» DIRECTIONS FOR THIS TASK: For the material that follows, list every line containing the word "bullet".

- Opening Delimiter -

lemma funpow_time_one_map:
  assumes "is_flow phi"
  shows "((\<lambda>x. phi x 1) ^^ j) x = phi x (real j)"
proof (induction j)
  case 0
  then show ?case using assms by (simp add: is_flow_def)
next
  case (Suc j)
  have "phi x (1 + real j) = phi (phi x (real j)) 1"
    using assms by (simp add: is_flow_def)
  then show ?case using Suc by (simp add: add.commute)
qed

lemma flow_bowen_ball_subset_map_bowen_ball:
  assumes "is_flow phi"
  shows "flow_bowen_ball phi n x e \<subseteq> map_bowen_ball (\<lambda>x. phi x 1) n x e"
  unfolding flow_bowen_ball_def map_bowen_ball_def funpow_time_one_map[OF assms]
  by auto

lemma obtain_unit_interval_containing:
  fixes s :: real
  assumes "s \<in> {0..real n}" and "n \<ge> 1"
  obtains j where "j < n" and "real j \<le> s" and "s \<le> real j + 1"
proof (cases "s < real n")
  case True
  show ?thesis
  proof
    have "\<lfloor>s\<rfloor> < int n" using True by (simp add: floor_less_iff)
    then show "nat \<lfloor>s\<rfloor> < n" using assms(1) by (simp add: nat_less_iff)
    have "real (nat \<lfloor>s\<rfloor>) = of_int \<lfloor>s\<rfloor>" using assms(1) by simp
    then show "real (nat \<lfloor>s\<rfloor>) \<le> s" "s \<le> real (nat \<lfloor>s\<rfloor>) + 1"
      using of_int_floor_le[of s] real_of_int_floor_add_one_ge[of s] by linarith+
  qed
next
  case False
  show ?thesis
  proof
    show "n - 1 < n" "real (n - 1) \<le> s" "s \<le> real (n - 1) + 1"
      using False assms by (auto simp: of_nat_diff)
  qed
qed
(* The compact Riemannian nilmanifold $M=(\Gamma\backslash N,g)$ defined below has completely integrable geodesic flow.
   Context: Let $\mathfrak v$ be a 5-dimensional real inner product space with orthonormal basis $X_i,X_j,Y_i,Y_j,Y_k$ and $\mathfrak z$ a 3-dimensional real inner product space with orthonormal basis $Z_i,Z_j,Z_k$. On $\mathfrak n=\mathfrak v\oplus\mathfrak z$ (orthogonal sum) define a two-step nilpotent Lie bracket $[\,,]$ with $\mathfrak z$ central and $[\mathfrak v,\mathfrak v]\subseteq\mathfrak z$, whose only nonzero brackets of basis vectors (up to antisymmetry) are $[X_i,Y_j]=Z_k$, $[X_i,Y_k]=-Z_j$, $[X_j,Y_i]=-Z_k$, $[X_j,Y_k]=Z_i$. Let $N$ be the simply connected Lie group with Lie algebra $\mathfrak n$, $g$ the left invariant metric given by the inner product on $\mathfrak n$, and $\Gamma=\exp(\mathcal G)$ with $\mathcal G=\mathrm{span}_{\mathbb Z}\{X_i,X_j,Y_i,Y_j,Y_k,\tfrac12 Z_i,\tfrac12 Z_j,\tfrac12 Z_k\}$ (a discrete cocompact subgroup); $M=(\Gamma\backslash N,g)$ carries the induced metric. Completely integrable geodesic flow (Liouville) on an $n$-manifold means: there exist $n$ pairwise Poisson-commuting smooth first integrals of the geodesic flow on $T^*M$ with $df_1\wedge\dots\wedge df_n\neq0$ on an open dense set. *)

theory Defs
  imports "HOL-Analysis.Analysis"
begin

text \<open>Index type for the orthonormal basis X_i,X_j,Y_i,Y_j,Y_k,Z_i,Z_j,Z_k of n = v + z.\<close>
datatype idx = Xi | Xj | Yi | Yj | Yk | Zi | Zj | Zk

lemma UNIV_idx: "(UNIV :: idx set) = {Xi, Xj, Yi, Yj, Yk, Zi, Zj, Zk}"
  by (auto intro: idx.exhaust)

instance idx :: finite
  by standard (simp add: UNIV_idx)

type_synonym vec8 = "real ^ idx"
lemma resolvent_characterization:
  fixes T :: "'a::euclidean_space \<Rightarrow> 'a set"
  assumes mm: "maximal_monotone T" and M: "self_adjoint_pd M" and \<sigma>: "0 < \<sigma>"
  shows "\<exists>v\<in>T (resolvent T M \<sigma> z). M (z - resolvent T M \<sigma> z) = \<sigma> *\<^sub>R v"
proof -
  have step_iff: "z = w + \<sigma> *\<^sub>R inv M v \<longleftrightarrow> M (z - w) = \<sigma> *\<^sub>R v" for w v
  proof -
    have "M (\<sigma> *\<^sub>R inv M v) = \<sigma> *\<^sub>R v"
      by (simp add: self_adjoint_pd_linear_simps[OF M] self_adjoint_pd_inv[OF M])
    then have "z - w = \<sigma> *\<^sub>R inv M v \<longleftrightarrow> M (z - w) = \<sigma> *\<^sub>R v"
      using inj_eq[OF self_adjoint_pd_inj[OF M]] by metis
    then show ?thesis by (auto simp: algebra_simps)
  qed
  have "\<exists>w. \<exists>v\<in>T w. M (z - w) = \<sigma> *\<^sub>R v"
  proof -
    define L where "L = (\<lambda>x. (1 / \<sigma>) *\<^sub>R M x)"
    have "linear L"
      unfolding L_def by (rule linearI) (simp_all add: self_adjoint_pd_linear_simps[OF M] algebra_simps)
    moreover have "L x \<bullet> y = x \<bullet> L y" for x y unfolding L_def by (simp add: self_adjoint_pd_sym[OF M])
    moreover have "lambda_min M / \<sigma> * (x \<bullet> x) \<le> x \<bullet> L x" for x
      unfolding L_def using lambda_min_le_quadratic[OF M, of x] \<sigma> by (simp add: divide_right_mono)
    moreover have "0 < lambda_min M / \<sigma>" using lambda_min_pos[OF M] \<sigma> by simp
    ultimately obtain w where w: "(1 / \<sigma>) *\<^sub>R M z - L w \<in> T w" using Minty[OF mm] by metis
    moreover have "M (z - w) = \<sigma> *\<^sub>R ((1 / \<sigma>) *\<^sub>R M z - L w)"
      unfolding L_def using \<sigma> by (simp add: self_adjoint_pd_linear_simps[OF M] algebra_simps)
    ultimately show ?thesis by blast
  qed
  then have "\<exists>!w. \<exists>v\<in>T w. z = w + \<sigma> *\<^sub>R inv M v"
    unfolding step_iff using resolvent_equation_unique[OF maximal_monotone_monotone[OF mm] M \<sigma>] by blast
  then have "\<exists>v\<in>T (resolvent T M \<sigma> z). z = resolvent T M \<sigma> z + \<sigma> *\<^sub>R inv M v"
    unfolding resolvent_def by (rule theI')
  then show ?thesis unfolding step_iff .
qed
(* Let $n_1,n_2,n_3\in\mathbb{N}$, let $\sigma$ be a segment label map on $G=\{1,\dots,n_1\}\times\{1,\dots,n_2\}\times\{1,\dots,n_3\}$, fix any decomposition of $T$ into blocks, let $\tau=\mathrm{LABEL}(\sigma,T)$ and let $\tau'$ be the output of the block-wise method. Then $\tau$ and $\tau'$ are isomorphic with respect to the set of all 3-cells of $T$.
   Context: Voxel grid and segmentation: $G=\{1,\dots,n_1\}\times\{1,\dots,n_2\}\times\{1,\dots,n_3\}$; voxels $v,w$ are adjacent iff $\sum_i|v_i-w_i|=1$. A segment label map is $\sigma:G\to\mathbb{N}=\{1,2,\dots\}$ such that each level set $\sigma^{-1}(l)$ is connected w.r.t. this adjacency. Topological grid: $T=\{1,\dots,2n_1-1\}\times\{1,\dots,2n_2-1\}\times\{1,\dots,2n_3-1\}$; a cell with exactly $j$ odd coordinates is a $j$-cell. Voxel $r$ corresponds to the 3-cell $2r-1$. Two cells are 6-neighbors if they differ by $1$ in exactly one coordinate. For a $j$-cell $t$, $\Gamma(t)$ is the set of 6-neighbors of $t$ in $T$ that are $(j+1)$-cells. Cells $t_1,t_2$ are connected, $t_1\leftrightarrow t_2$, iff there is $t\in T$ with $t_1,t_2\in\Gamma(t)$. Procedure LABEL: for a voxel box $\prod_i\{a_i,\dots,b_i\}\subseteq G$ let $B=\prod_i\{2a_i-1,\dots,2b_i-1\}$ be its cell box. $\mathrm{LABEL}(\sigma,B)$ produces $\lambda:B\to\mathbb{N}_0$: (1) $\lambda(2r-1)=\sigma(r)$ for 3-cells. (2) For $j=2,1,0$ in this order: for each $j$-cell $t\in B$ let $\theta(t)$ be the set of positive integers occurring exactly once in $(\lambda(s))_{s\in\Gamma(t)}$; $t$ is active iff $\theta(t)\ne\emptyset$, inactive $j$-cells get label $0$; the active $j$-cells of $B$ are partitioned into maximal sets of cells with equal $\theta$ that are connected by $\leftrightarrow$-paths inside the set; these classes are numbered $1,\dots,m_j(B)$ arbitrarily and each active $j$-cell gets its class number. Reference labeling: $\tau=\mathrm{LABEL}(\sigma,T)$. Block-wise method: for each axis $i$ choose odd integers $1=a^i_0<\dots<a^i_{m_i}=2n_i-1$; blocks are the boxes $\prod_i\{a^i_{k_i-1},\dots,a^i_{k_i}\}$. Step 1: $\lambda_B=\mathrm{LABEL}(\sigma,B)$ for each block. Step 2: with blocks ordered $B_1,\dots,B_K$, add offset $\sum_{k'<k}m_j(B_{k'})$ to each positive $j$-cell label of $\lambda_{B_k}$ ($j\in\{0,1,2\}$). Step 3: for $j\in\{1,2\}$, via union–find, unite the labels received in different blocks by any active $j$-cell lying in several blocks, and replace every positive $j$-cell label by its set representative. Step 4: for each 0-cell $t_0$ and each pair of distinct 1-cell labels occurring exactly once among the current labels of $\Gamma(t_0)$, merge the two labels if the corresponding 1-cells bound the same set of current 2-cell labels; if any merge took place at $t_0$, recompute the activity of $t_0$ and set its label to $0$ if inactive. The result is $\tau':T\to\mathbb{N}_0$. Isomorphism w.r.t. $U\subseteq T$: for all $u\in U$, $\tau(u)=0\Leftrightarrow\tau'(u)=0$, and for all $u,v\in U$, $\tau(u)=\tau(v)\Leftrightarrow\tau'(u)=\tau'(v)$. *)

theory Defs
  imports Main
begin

- Closing Delimiter -

» OUTPUT FOR THIS EXERCISE:
    moreover have "L x \<bullet> y = x \<bullet> L y" for x y unfolding L_def by (simp add: self_adjoint_pd_sym[OF M])
    moreover have "lambda_min M / \<sigma> * (x \<bullet> x) \<le> x \<bullet> L x" for x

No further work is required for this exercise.